Exercise aim:
When the line with "l \<le> (\<integral>\<^sup>+\<omega>." appears below, start repeating lines exactly, and keep going through the line with "(d * k)) l * laplace"; add nothing outside that span.
● ● ● ● ● ● ●
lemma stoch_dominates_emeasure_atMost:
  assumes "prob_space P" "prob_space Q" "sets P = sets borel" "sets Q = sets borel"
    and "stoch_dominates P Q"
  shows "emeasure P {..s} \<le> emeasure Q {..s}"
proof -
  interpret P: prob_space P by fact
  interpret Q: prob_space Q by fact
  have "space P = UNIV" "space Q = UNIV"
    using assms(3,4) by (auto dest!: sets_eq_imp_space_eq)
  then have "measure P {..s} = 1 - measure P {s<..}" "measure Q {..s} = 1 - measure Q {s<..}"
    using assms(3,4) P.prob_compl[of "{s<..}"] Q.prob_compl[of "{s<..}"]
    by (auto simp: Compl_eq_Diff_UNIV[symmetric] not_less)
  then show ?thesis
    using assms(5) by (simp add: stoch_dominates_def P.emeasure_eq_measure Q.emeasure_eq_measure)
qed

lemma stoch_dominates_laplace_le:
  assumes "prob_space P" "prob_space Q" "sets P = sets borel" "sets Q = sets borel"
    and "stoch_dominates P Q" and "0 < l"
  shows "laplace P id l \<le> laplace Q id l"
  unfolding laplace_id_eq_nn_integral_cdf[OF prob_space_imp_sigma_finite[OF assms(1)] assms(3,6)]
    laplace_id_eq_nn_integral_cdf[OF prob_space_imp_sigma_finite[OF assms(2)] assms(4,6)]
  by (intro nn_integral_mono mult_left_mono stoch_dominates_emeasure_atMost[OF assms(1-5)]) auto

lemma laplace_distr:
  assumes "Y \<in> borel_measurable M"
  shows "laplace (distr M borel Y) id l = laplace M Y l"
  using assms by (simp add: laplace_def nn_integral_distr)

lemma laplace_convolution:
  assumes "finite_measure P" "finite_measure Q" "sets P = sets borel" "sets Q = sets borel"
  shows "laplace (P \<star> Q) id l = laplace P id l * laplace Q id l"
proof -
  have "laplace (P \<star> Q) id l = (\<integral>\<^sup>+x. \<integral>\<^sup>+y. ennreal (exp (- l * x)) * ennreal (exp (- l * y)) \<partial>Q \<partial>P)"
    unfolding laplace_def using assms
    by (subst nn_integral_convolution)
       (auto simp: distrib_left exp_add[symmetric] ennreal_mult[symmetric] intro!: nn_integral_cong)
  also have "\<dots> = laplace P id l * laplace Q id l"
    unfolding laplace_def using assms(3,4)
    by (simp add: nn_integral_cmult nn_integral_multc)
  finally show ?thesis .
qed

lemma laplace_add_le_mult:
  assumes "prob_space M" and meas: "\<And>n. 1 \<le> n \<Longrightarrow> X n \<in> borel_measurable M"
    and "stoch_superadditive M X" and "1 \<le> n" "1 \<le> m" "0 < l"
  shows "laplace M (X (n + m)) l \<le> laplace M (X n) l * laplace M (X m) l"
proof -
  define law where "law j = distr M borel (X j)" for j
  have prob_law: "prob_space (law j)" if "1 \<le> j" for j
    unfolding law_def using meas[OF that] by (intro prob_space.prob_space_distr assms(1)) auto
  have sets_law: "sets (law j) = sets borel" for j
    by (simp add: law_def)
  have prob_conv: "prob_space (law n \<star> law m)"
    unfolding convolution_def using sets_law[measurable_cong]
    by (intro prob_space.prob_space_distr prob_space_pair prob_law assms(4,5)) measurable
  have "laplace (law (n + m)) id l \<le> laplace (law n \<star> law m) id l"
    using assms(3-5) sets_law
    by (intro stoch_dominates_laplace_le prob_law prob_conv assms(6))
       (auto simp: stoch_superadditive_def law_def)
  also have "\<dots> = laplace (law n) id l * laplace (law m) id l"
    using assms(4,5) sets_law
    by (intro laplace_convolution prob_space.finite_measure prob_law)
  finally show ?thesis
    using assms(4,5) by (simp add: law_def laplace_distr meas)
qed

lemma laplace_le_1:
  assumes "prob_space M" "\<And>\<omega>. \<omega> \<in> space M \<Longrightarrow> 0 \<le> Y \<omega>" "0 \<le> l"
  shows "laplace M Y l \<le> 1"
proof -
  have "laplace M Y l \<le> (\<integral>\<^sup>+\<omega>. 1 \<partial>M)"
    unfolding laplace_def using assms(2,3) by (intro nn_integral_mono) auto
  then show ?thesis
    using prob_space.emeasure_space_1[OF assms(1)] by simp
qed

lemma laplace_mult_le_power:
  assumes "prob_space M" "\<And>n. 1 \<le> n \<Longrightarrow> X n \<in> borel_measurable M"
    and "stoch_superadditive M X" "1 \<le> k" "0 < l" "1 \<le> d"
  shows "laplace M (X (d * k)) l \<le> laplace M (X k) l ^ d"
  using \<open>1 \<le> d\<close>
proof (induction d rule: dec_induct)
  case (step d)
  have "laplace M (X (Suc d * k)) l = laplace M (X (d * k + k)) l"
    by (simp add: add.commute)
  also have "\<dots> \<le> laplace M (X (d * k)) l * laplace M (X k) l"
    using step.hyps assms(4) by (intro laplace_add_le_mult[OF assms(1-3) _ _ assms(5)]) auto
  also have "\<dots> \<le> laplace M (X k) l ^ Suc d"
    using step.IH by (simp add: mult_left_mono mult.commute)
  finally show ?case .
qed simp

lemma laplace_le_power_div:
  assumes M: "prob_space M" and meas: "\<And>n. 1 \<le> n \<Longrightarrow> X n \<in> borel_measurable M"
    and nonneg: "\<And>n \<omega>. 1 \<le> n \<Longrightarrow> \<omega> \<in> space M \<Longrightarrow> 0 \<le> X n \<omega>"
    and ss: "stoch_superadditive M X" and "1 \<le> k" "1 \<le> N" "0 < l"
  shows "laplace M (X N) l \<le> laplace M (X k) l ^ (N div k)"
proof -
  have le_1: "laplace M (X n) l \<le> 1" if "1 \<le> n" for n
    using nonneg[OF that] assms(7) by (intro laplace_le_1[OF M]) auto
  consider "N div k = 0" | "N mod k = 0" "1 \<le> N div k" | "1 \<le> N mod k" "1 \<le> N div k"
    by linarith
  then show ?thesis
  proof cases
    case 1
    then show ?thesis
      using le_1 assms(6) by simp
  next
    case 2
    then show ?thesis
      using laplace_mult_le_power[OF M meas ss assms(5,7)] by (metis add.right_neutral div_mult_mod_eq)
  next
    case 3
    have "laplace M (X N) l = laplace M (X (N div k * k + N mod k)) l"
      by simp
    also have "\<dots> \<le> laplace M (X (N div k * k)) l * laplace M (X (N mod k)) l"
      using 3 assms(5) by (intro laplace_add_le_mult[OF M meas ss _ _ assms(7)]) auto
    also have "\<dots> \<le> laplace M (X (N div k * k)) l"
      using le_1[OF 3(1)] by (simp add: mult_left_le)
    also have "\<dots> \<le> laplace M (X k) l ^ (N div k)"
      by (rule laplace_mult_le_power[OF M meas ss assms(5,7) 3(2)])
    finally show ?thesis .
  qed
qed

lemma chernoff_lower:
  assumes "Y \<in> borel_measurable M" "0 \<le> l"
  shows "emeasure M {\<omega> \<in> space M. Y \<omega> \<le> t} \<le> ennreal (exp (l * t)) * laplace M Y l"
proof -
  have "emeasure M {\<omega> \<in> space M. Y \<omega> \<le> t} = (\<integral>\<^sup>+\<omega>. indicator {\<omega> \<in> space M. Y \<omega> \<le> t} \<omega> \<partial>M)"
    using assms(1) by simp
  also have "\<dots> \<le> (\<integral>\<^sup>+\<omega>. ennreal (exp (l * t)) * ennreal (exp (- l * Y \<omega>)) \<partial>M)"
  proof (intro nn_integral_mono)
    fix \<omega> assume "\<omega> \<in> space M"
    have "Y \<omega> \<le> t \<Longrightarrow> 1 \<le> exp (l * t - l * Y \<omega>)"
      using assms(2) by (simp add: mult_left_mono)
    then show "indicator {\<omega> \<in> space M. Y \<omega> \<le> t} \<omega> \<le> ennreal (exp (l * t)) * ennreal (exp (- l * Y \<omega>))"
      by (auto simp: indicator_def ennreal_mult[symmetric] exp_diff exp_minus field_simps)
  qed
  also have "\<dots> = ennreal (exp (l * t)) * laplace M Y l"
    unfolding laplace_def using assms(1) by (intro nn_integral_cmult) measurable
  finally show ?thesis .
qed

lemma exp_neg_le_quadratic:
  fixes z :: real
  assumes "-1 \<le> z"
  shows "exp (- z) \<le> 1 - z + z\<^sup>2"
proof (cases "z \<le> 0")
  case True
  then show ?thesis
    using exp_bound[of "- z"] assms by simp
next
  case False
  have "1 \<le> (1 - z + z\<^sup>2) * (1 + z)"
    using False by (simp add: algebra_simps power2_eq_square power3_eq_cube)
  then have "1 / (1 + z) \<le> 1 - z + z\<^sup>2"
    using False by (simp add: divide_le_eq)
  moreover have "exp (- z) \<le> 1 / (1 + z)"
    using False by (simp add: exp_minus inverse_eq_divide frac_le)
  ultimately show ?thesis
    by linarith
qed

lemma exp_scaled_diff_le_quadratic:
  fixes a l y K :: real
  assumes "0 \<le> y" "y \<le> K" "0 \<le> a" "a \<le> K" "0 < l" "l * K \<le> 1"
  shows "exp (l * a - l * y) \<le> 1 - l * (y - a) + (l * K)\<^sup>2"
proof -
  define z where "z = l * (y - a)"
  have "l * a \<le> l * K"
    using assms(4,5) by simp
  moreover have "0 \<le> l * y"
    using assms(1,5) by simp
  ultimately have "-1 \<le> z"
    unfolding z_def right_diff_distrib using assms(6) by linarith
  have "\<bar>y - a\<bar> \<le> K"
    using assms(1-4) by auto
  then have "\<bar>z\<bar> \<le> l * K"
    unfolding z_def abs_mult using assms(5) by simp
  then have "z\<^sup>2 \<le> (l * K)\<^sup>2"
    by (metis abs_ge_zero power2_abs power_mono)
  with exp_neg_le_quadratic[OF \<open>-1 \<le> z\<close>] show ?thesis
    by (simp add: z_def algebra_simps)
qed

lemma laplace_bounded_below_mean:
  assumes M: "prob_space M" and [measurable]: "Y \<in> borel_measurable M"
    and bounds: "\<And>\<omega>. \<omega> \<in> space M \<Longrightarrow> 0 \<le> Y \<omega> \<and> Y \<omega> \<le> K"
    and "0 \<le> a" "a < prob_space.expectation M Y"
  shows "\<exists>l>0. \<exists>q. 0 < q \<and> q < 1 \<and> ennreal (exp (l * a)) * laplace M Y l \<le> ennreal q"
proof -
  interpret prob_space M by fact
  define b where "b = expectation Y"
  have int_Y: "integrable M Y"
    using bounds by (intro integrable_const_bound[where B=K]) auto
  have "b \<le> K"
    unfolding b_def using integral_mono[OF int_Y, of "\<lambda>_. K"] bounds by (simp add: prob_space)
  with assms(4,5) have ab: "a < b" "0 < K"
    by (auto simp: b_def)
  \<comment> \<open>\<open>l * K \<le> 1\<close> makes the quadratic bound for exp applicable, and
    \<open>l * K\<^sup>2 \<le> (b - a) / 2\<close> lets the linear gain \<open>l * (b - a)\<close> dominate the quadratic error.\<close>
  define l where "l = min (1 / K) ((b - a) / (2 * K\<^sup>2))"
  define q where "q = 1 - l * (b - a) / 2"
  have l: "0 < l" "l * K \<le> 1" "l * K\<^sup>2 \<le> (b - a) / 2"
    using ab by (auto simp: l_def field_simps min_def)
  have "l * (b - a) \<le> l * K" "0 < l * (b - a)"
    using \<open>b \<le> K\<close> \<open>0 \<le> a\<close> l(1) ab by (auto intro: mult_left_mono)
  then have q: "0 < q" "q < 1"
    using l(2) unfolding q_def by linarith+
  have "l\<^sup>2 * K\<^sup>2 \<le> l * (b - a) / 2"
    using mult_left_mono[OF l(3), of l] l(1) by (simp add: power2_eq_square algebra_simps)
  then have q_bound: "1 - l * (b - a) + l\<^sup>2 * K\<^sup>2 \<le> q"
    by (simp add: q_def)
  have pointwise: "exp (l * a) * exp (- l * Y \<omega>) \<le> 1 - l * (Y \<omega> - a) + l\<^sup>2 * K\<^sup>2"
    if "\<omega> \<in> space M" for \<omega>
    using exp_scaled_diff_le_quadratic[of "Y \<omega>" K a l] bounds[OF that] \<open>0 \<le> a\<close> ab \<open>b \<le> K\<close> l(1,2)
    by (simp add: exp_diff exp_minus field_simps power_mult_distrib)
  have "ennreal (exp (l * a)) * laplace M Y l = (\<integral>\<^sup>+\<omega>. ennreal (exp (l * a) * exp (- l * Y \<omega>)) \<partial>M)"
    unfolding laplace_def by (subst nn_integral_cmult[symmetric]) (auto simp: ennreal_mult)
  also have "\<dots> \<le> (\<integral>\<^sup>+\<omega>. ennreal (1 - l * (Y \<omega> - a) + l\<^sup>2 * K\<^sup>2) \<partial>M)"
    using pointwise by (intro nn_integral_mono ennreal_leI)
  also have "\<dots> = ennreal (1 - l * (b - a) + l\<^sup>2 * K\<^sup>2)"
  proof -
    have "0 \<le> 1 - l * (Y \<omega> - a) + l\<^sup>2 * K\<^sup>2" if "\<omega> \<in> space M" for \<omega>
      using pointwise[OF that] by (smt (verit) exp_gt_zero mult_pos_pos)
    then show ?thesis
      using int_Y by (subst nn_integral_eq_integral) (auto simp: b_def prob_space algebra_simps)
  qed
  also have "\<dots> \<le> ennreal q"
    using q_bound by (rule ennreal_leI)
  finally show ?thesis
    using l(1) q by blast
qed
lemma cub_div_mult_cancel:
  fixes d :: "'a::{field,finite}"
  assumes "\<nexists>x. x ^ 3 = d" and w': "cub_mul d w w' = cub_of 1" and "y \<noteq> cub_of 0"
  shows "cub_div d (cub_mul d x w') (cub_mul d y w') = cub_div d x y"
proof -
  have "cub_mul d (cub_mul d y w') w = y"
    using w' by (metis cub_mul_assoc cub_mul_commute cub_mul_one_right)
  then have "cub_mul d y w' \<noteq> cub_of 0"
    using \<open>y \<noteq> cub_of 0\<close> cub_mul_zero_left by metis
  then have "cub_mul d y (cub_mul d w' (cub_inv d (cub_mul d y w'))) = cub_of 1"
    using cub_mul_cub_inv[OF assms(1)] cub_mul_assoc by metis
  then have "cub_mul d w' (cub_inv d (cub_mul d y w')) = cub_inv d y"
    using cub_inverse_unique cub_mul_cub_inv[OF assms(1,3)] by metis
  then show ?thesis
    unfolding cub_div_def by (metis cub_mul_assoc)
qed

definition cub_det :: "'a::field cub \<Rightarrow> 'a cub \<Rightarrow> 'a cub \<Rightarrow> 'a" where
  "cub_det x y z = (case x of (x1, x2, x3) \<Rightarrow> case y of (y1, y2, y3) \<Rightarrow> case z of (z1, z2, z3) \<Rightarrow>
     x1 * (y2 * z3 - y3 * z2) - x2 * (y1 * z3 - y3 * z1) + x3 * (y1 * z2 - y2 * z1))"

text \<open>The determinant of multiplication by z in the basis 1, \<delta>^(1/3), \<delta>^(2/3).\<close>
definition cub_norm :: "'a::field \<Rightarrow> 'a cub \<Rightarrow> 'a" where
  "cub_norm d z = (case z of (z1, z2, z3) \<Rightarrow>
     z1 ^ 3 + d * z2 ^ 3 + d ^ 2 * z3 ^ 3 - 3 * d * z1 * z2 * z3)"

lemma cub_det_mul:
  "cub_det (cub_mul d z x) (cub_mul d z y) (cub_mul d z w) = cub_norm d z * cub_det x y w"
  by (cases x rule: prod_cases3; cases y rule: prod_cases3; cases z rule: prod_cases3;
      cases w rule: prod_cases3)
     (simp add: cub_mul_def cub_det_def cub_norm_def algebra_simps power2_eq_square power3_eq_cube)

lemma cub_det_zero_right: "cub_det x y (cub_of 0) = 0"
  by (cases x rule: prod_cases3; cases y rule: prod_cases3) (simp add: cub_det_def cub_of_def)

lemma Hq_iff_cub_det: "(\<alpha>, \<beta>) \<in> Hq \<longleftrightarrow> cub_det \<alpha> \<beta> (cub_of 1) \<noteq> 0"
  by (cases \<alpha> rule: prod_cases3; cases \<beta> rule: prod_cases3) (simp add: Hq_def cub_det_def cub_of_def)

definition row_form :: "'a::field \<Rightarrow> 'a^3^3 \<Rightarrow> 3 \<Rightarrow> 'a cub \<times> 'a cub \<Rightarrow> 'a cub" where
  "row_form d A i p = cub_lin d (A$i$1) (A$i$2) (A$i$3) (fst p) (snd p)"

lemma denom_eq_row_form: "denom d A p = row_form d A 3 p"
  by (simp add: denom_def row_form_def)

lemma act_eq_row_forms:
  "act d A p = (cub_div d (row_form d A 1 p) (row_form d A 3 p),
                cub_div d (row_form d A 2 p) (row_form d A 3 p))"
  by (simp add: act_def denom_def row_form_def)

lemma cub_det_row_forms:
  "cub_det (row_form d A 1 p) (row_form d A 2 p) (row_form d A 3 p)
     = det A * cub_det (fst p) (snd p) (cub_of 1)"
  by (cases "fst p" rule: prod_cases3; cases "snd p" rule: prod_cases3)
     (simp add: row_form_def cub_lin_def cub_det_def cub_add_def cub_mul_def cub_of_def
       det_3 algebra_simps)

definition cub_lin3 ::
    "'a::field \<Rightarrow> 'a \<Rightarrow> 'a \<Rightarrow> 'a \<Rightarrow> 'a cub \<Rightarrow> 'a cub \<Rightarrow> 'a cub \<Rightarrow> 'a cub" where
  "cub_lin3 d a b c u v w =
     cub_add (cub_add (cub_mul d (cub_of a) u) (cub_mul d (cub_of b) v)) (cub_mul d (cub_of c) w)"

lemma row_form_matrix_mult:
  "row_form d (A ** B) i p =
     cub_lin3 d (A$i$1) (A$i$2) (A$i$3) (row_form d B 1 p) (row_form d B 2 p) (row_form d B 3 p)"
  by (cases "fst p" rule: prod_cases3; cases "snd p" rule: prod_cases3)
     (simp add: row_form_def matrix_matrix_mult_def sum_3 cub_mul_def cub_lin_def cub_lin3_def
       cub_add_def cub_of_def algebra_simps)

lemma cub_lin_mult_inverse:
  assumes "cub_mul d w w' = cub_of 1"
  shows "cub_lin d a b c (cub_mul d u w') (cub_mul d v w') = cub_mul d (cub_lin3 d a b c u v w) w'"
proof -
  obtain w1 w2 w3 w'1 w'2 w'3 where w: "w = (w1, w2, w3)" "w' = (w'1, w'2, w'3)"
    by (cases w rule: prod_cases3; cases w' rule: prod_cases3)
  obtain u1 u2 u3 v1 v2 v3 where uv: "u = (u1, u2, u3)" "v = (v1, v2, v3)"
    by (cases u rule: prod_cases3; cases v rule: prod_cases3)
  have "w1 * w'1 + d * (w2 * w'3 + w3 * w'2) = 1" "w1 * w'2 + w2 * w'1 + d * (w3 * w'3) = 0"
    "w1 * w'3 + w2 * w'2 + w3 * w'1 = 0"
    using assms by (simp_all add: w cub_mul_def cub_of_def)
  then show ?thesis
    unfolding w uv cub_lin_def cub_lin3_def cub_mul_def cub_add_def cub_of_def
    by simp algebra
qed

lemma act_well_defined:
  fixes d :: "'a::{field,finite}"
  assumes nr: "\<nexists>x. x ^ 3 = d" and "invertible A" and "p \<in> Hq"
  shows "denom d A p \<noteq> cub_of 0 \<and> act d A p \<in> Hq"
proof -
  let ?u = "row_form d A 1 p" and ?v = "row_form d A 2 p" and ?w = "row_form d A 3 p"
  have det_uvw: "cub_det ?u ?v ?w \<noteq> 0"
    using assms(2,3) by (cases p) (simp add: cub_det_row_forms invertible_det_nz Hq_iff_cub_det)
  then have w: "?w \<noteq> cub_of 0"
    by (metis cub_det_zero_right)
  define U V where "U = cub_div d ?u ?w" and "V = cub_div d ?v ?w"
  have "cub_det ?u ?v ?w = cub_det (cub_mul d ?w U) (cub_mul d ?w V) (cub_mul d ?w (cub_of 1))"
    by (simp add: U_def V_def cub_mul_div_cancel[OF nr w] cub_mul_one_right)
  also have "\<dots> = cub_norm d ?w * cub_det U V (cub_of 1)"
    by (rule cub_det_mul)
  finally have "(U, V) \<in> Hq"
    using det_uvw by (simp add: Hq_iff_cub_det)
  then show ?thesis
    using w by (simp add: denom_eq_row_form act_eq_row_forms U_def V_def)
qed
● ● ● ● ● ● ●
Exercise answer:
  have "laplace M Y l \<le> (\<integral>\<^sup>+\<omega>. 1 \<partial>M)"
    unfolding laplace_def using assms(2,3) by (intro nn_integral_mono) auto
  then show ?thesis
    using prob_space.emeasure_space_1[OF assms(1)] by simp
qed

lemma laplace_mult_le_power:
  assumes "prob_space M" "\<And>n. 1 \<le> n \<Longrightarrow> X n \<in> borel_measurable M"
    and "stoch_superadditive M X" "1 \<le> k" "0 < l" "1 \<le> d"
  shows "laplace M (X (d * k)) l \<le> laplace M (X k) l ^ d"
  using \<open>1 \<le> d\<close>
proof (induction d rule: dec_induct)
  case (step d)
  have "laplace M (X (Suc d * k)) l = laplace M (X (d * k + k)) l"
    by (simp add: add.commute)
  also have "\<dots> \<le> laplace M (X (d * k)) l * laplace M (X k) l"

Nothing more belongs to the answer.